В начале сорок второго года Тамара Пустырева эвакуировалась в Казахстан, и все мои попытки выяснить ее дальнейшую судьбу оказались бесполезными. Не думаю, что архив брата она повезла с собой по адовым дорогам эвакуации, но роман все-таки сохранить могла: и лежит сейчас моя милая рукопись где-нибудь между старинными письмами и книжками коммунальных платежей. А может быть, Тамара догадалась отнести роман в местное издательство, и пустыревский труд похоронен в завалах юношеской и пенсионной графомании. Это был тупик.
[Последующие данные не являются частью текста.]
(* Let $k,n\in\mathbb{N}$, $N=\{0,\dots,k\}$, and let $\mathcal{M}_n(N)$ be the set of multisets of cardinality $n$ with elements in $N$. For $x\in\mathcal{M}_n(N)$ let $\overrightarrow{x}$ be the non-decreasing sequence of length $n$ listing the elements of $x$, and let $m=(k,k,\dots,k)$ (length $n$). Define $\rho(x)=\mathrm{rank}(m-\overrightarrow{x})$, where $m-\overrightarrow{x}$ is the entrywise difference (a non-increasing sequence over $N$) and $\mathrm{rank}(x_1,\dots,x_n)=\sum_{i=1}^n\binom{n+x_i-i}{x_i-1}$ (with $\binom{a}{-1}=0$). Then $\rho$ is a bijection from $\mathcal{M}_n(N)$ onto an initial segment $\{0,\dots,|\mathcal{M}_n(N)|-1\}$ of $\mathbb{N}_0$ such that for all $x,y\in\mathcal{M}_n(N)$: $x$ is strictly fairer than $y$ (in the maximization sense) iff $\rho(x)<\rho(y)$.
   Context: Max-min fair comparison for maximization: $x$ is strictly fairer than $y$ iff $\overrightarrow{y}<_{\mathrm{lex}}\overrightarrow{x}$, where $<_{\mathrm{lex}}$ is the strict lexicographic order on sequences of length $n$. *)

theory Defs
  imports Main "HOL-Library.Multiset"
begin

definition Mset_n :: "nat \<Rightarrow> nat \<Rightarrow> nat multiset set" where
  "Mset_n k n = {x. size x = n \<and> set_mset x \<subseteq> {0..k}}"

definition vec :: "nat multiset \<Rightarrow> nat list" where
  "vec x = sorted_list_of_multiset x"

definition lex_less :: "nat list \<Rightarrow> nat list \<Rightarrow> bool" where
  "lex_less xs ys \<longleftrightarrow> (xs, ys) \<in> lexord {(a, b). a < b}"

definition fairer :: "nat multiset \<Rightarrow> nat multiset \<Rightarrow> bool" where
  "fairer x y \<longleftrightarrow> lex_less (vec y) (vec x)"

text \<open>rank(x_1,...,x_n) = sum_{i=1}^n binom(n + x_i - i, x_i - 1), binom(a,-1) = 0.
  Index i here is 0-based, so the 1-based index is i+1.\<close>
definition rank :: "nat list \<Rightarrow> nat" where
  "rank xs = (\<Sum>i<length xs. if xs ! i = 0 then 0
      else (length xs + xs ! i - (i + 1)) choose (xs ! i - 1))"

definition rho :: "nat \<Rightarrow> nat multiset \<Rightarrow> nat" where
  "rho k x = rank (map (\<lambda>a. k - a) (vec x))"

end

theory Submission
  imports Defs "HOL-Library.List_Lexorder"
begin

text \<open>Via the sorted listing, multisets of size n over {0..k} correspond to sorted lists of
  length n over {0..k}, and "strictly fairer" becomes the reversed lexicographic order on these
  lists. Ranking the elements of a finite linear order by the number of elements above them is
  an order-reversing bijection onto an initial segment of the naturals, so it suffices to show
  that rank (m - xs) counts the sorted lists lexicographically above xs. Splitting those lists
  by their head, the ones that agree with xs in the head are counted recursively, and the ones
  whose head exceeds the head a of xs are the sorted lists of length n over {a+1..k}; by stars
  and bars there are binom(n + k - a - 1, n) = binom(n + k - a - 1, k - a - 1) of them, which is
  the leading summand of rank (m - xs).\<close>

lemma rank_Nil: "rank [] = 0"
  by (simp add: rank_def)

lemma rank_Cons:
  "rank (a # xs) = (if a = 0 then 0 else (length xs + a) choose (a - 1)) + rank xs"
  unfolding rank_def length_Cons sum.lessThan_Suc_shift by (auto intro!: sum.cong)


definition card_greater :: "'a::linorder set \<Rightarrow> 'a \<Rightarrow> nat" where
  "card_greater A x = card {y \<in> A. x < y}"

lemma card_greater_strict_antimono:
  assumes "finite A" "y \<in> A" "x < y"
  shows "card_greater A y < card_greater A x"
  unfolding card_greater_def
  using assms by (intro psubset_card_mono) auto

lemma card_greater_less_iff:
  assumes "finite A" "x \<in> A" "y \<in> A"
  shows "card_greater A x < card_greater A y \<longleftrightarrow> y < x"
  using card_greater_strict_antimono[OF assms(1)] assms
  by (metis linorder_neqE order_less_asym)

lemma bij_betw_card_greater:
  assumes "finite A"
  shows "bij_betw (card_greater A) A {0..<card A}"
proof -
  have inj: "inj_on (card_greater A) A"
    by (rule inj_onI) (metis assms card_greater_less_iff less_irrefl linorder_neqE)
  have "card_greater A x < card A" if "x \<in> A" for x
    unfolding card_greater_def using assms that by (intro psubset_card_mono) auto
  then have "card_greater A ` A = {0..<card A}"
    by (intro card_subset_eq) (auto simp: card_image[OF inj])
  with inj show ?thesis
    by (simp add: bij_betw_def)
qed


definition sorted_lists :: "nat \<Rightarrow> nat \<Rightarrow> nat \<Rightarrow> nat list set" where
  "sorted_lists n lo hi = {xs. length xs = n \<and> sorted xs \<and> set xs \<subseteq> {lo..hi}}"

lemma finite_sorted_lists: "finite (sorted_lists n lo hi)"
  by (rule finite_subset[OF _ finite_lists_length_eq[of "{lo..hi}" n]])
    (auto simp: sorted_lists_def)

lemma length_sorted_lists: "xs \<in> sorted_lists n lo hi \<Longrightarrow> length xs = n"
  by (simp add: sorted_lists_def)

lemma sorted_lists_0: "sorted_lists 0 lo hi = {[]}"
  by (auto simp: sorted_lists_def)

lemma sorted_lists_Suc_empty: "hi < lo \<Longrightarrow> sorted_lists (Suc n) lo hi = {}"
  by (auto simp: sorted_lists_def length_Suc_conv)

lemma Nil_notin_sorted_lists_Suc [simp]: "[] \<notin> sorted_lists (Suc n) lo hi"
  by (simp add: sorted_lists_def)

lemma Cons_mem_sorted_lists_iff:
  "a # xs \<in> sorted_lists (Suc n) lo hi \<longleftrightarrow> lo \<le> a \<and> a \<le> hi \<and> xs \<in> sorted_lists n a hi"
  by (auto simp: sorted_lists_def)

lemma sorted_lists_Suc:
  assumes "lo \<le> hi"
  shows "sorted_lists (Suc n) lo hi = Cons lo ` sorted_lists n lo hi \<union> sorted_lists (Suc n) (Suc lo) hi"
proof (intro set_eqI)
  fix ys
  show "ys \<in> sorted_lists (Suc n) lo hi
    \<longleftrightarrow> ys \<in> Cons lo ` sorted_lists n lo hi \<union> sorted_lists (Suc n) (Suc lo) hi"
    using assms by (cases ys; cases "hd ys = lo") (auto simp: Cons_mem_sorted_lists_iff)
qed

lemma card_sorted_lists_Suc:
  assumes "lo \<le> hi"
  shows "card (sorted_lists (Suc n) lo hi)
    = card (sorted_lists n lo hi) + card (sorted_lists (Suc n) (Suc lo) hi)"
  unfolding sorted_lists_Suc[OF assms]
  by (subst card_Un_disjoint)
    (auto simp: finite_sorted_lists card_image Cons_mem_sorted_lists_iff)

lemma card_sorted_lists:
  assumes "lo \<le> hi"
  shows "card (sorted_lists n lo hi) = (n + (hi - lo)) choose n"
  using assms
proof (induction n arbitrary: lo)
  case 0
  then show ?case by (simp add: sorted_lists_0)
next
  case (Suc n)
  from Suc.prems show ?case
  proof (induction lo rule: inc_induct)
    case base
    then show ?case
      using Suc.IH[of hi] by (simp add: card_sorted_lists_Suc sorted_lists_Suc_empty)
  next
    case (step lo)
    then obtain d where "hi - lo = Suc d" "hi - Suc lo = d"
      by (metis Suc_diff_Suc)
    with step show ?case
      using Suc.IH[of lo] by (simp add: card_sorted_lists_Suc)
  qed
qed

lemma card_sorted_lists_above:
  assumes "a \<le> k"
  shows "card (sorted_lists (Suc n) (Suc a) k)
    = (if k - a = 0 then 0 else (n + (k - a)) choose (k - a - 1))"
proof (cases "a = k")
  case True
  then show ?thesis by (simp add: sorted_lists_Suc_empty)
next
  case False
  then have "Suc n + (k - Suc a) = n + (k - a)"
    using assms by simp
  then have "card (sorted_lists (Suc n) (Suc a) k) = (n + (k - a)) choose Suc n"
    using False assms card_sorted_lists[of "Suc a" k "Suc n"] by simp
  also have "\<dots> = (n + (k - a)) choose (k - a - 1)"
    using False assms by (subst binomial_symmetric) (auto simp: Suc_diff_Suc)
  finally show ?thesis
    using False assms by simp
qed

lemma greater_sorted_lists_Cons:
  assumes "lo \<le> a" "a \<le> k"
  shows "{ys \<in> sorted_lists (Suc n) lo k. a # xs < ys}
    = Cons a ` {ys \<in> sorted_lists n a k. xs < ys} \<union> sorted_lists (Suc n) (Suc a) k"
proof (intro set_eqI)
  fix ys
  show "ys \<in> {ys \<in> sorted_lists (Suc n) lo k. a # xs < ys}
    \<longleftrightarrow> ys \<in> Cons a ` {ys \<in> sorted_lists n a k. xs < ys} \<union> sorted_lists (Suc n) (Suc a) k"
    using assms by (cases ys) (auto simp: Cons_mem_sorted_lists_iff)
qed

lemma card_greater_sorted_lists:
  assumes "xs \<in> sorted_lists n lo k"
  shows "card_greater (sorted_lists n lo k) xs = rank (map (\<lambda>a. k - a) xs)"
  using assms
proof (induction xs arbitrary: n lo)
  case Nil
  then show ?case
    by (simp add: sorted_lists_def card_greater_def rank_Nil)
next
  case (Cons a xs)
  then obtain m where n: "n = Suc m"
    by (auto simp: sorted_lists_def)
  with Cons.prems have a: "lo \<le> a" "a \<le> k" and xs: "xs \<in> sorted_lists m a k"
    by (auto simp: Cons_mem_sorted_lists_iff)
  have "card_greater (sorted_lists n lo k) (a # xs)
      = card_greater (sorted_lists m a k) xs + card (sorted_lists (Suc m) (Suc a) k)"
    unfolding card_greater_def n greater_sorted_lists_Cons[OF a]
    by (subst card_Un_disjoint)
      (auto simp: finite_sorted_lists card_image Cons_mem_sorted_lists_iff)
  with Cons.IH[OF xs] xs show ?case
    by (simp add: card_sorted_lists_above[OF a(2)] rank_Cons length_sorted_lists)
qed


lemma lex_less_iff_less: "lex_less xs ys \<longleftrightarrow> xs < ys"
  by (simp add: lex_less_def list_less_def)

lemma bij_betw_vec_sorted_lists: "bij_betw vec (Mset_n k n) (sorted_lists n 0 k)"
proof (rule bij_betw_byWitness[where f' = mset])
  show "\<forall>x\<in>Mset_n k n. mset (vec x) = x"
    by (simp add: vec_def)
  show "\<forall>xs\<in>sorted_lists n 0 k. vec (mset xs) = xs"
    by (simp add: vec_def sorted_lists_def sorted_sort_id)
  show "vec ` Mset_n k n \<subseteq> sorted_lists n 0 k"
    by (auto simp: vec_def sorted_lists_def Mset_n_def simp flip: size_mset)
  show "mset ` sorted_lists n 0 k \<subseteq> Mset_n k n"
    by (auto simp: sorted_lists_def Mset_n_def)
qed

lemma rho_eq_card_greater:
  assumes "x \<in> Mset_n k n"
  shows "rho k x = card_greater (sorted_lists n 0 k) (vec x)"
  using assms bij_betw_apply[OF bij_betw_vec_sorted_lists]
  by (simp add: rho_def card_greater_sorted_lists)

theorem theorem4:
  fixes k n :: nat
  shows "bij_betw (rho k) (Mset_n k n) {0..<card (Mset_n k n)} \<and>
    (\<forall>x\<in>Mset_n k n. \<forall>y\<in>Mset_n k n. fairer x y \<longleftrightarrow> rho k x < rho k y)"
proof
  let ?L = "sorted_lists n 0 k"
  have "card (Mset_n k n) = card ?L"
    by (rule bij_betw_same_card[OF bij_betw_vec_sorted_lists])
  then have "bij_betw (card_greater ?L \<circ> vec) (Mset_n k n) {0..<card (Mset_n k n)}"
    using bij_betw_trans[OF bij_betw_vec_sorted_lists bij_betw_card_greater[OF finite_sorted_lists]]
    by simp
  then show "bij_betw (rho k) (Mset_n k n) {0..<card (Mset_n k n)}"
    by (rule bij_betw_cong[THEN iffD1, rotated]) (simp add: rho_eq_card_greater)
  show "\<forall>x\<in>Mset_n k n. \<forall>y\<in>Mset_n k n. fairer x y \<longleftrightarrow> rho k x < rho k y"
    using bij_betw_apply[OF bij_betw_vec_sorted_lists]
    by (simp add: fairer_def lex_less_iff_less rho_eq_card_greater
        card_greater_less_iff finite_sorted_lists)
qed

end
Тогда я пошел другим путем – принялся разыскивать товарищей Пустырева по учительскому институту, что было несложно: в отличие от меня и многих моих однокурсников, они до пенсии проработали в школе. И хотя во времена пустыревского студенчества парней в учительском институте было достаточно, общался я в основном со старушками, похожими на увядших актрис и отставных общественных деятельниц одновременно. Все они со вздохом доставали снимок выпускного курса и таинственно рассказывали, как накануне прощального бала Коля Пустырев поссорился с Лялечкой Онучиной и даже поначалу отказывался фотографироваться. Потом, оказывается, состоялось примирение, и я представляю эту сцену по тогдашним фильмам: он бурно врывается в комнату, удерживая клумбоподобный букет, а она, отвернувшись к окну, еще плачет, но уже смеется. «Ищите Лялечку, она знает о Коле все!» – в один голос советовали старушки. И я нашел шестидесятипятилетнюю Лялечку, вычислил, отыскал в Улан-Удэ. Точнее, мы нашли, и вчера наконец пришло письмо от Елены Викентьевны Онучиной-Ферман. Честно говоря, я хотел принести конверт в класс нераспечатанным, но не удержался и прочитал…
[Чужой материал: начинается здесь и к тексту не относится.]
lemma node_inner_psiW_phiV3_eq_matB:
  assumes "0 < m" "m < n" "3 * n + m \<le> K"
  shows "node_inner K (psiW n m h) (phiV (3 * n) m j) = matB n m h j"
proof -
  define E where "E r = sigma n r h / sqrt (vW n m r) * node_inner K (qW n m r) (phiV (3 * n) m j)" for r
  have "node_inner K (psiW n m h) (phiV (3 * n) m j) = (\<Sum>r\<in>{n..<3 * n}. E r)"
    unfolding psiW_eq_sum node_inner_sum_left E_def ..
  also have "\<dots> = (\<Sum>r\<in>{n..<n + m}. E r) + (\<Sum>r\<in>{n + m..<3 * n - m + 1}. E r)
      + (\<Sum>r\<in>{3 * n - m + 1..<3 * n}. E r)"
  proof -
    have "sum E {n..<n + m} + sum E {n + m..<3 * n - m + 1} = sum E {n..<3 * n - m + 1}"
      and "sum E {n..<3 * n - m + 1} + sum E {3 * n - m + 1..<3 * n} = sum E {n..<3 * n}"
      using assms by (intro sum.atLeastLessThan_concat; simp)+
    then show ?thesis by simp
  qed
  also have "(\<Sum>r\<in>{n..<n + m}. E r) = (\<Sum>r = n..n + m - 1. sigma n r h / sqrt (vW n m r) *
        (mu n m r * tau (3 * n) m (2 * n - r) j + mu n m (2 * n - r) * tau (3 * n) m r j))"
  proof -
    have "{n..<n + m} = {n..n + m - 1}" using assms by auto
    then show ?thesis
      using assms by (intro sum.cong) (auto simp: E_def node_inner_qW_phiV3)
  qed
  also have "(\<Sum>r\<in>{n + m..<3 * n - m + 1}. E r)
      = (\<Sum>r = n + m..3 * n - m. sigma n r h / sqrt (vW n m r) * tau (3 * n) m r j)"
    using assms by (intro sum.cong) (auto simp: E_def node_inner_qW_phiV3)
  also have "(\<Sum>r\<in>{3 * n - m + 1..<3 * n}. E r)
      = (\<Sum>r = 3 * n - m + 1..3 * n - 1. sigma n r h * sqrt (vW n m r) * tau (3 * n) m r j)"
  proof -
    have "{3 * n - m + 1..<3 * n} = {3 * n - m + 1..3 * n - 1}" using assms by auto
    moreover have "sigma n r h / sqrt (vW n m r) * (vW n m r * t) = sigma n r h * sqrt (vW n m r) * t"
      for r t
    proof -
      have "0 < vW n m r" using vW_pos[OF assms(1)] .
      then have "vW n m r / sqrt (vW n m r) = sqrt (vW n m r)" by (simp add: real_div_sqrt)
      then show ?thesis by (metis mult.assoc mult.commute times_divide_eq_left times_divide_eq_right)
    qed
    ultimately show ?thesis
      using assms by (intro sum.cong) (auto simp: E_def node_inner_qW_phiV3)
  qed
  finally show ?thesis unfolding matB_def .
qed

theorem theorem4:
  fixes n m :: nat and an bn a3n :: "nat \<Rightarrow> real"
    and fn gn f3n :: "real \<Rightarrow> real"
  assumes "0 < m" and "m < n"
    and fn_def: "\<And>x. fn x = (\<Sum>k = 1..n. an k * phiV n m k x)"
    and gn_def: "\<And>x. gn x = (\<Sum>h = 1..2 * n. bn h * psiW n m h x)"
    and f3n_def: "\<And>x. f3n x = (\<Sum>j = 1..3 * n. a3n j * phiV (3 * n) m j x)"
    and sum_eq: "\<And>x. x \<in> {-1..1} \<Longrightarrow> f3n x = fn x + gn x"
  shows "(\<forall>k \<in> {1..n}. an k = (\<Sum>j = 1..3 * n. matA n m k j * a3n j))
       \<and> (\<forall>h \<in> {1..2 * n}. bn h = (\<Sum>j = 1..3 * n. matB n m h j * a3n j))
       \<and> (\<forall>j \<in> {1..3 * n}. a3n j = (\<Sum>k = 1..n. matA n m k j * an k)
                                   + (\<Sum>h = 1..2 * n. matB n m h j * bn h))"
proof -
  define K where "K = 4 * n"
  have K: "3 * n + m \<le> K" "n + m \<le> K" using assms(1,2) by (auto simp: K_def)
  have fn: "fn = (\<lambda>x. \<Sum>k\<in>{1..n}. an k * phiV n m k x)"
    and gn: "gn = (\<lambda>x. \<Sum>h\<in>{1..2 * n}. bn h * psiW n m h x)"
    and f3n: "f3n = (\<lambda>x. \<Sum>j\<in>{1..3 * n}. a3n j * phiV (3 * n) m j x)"
    using fn_def gn_def f3n_def by auto
  have split: "node_inner K f3n G = node_inner K fn G + node_inner K gn G" for G
    using node_inner_cong_left[of f3n "\<lambda>x. fn x + gn x"] sum_eq by (simp add: node_inner_add_left)
  have A: "node_inner K (phiV (3 * n) m j) (phiV n m k) = matA n m k j" for k j
    using node_inner_phiV_phiV3_eq_matA[OF assms(1,2) K(1)] node_inner_commute by metis
  have B: "node_inner K (phiV (3 * n) m j) (psiW n m h) = matB n m h j" for h j
    using node_inner_psiW_phiV3_eq_matB[OF assms(1,2) K(1)] node_inner_commute by metis
  have "an k = (\<Sum>j = 1..3 * n. matA n m k j * a3n j)" if "k \<in> {1..n}" for k
    using split[of "phiV n m k"] that assms(1,2) K unfolding fn gn f3n node_inner_sum_left
    by (simp add: node_inner_phiV node_inner_psiW_phiV A if_distrib[of "(*) _"] mult.commute[of "a3n _"]
        cong: if_cong)
  moreover have "bn h = (\<Sum>j = 1..3 * n. matB n m h j * a3n j)" if "h \<in> {1..2 * n}" for h
    using split[of "psiW n m h"] that assms(1,2) K unfolding fn gn f3n node_inner_sum_left
    by (simp add: node_inner_psiW_orthonormal node_inner_commute[of K "phiV n m _" "psiW n m h"]
        node_inner_psiW_phiV B if_distrib[of "(*) _"] mult.commute[of "a3n _"] cong: if_cong)
  moreover have "a3n j = (\<Sum>k = 1..n. matA n m k j * an k) + (\<Sum>h = 1..2 * n. matB n m h j * bn h)"
    if "j \<in> {1..3 * n}" for j
    using split[of "phiV (3 * n) m j"] that assms(1,2) K unfolding fn gn f3n node_inner_sum_left
    by (simp add: node_inner_phiV node_inner_phiV_phiV3_eq_matA node_inner_psiW_phiV3_eq_matB
        if_distrib[of "(*) _"] mult.commute[of "an _"] mult.commute[of "bn _"] cong: if_cong)
  ultimately show ?thesis by blast
qed

end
Но я забежал вперед, а тогда пути поисков только нащупывались, и мне очень хотелось прийти в журнал со сто?ящим материалом, хотя очевидно, что карточные расходы, записанные на салфетке рукой, скажем, Некрасова, ценятся много выше романа какого-то безвестного довоенного литератора…
Впрочем, с молодежным журналом вышла неувязка: место, которое вот-вот должно было освободиться, – не освобождалось. Пенсионер со стажем, занимавший его, неожиданно почувствовал себя лучше, а может быть, просто понаслушался рассказов о том, что пожилые люди обычно не выдерживают праздности, и решил продлить свое активное долголетие.
Я негаданно получил творческую свободу, о чем втайне мечтает любой штатный журналист, и по вечерам с чувством превосходства смотрел на энергичных западных безработных, постоянно появляющихся в сюжетах программы «Время».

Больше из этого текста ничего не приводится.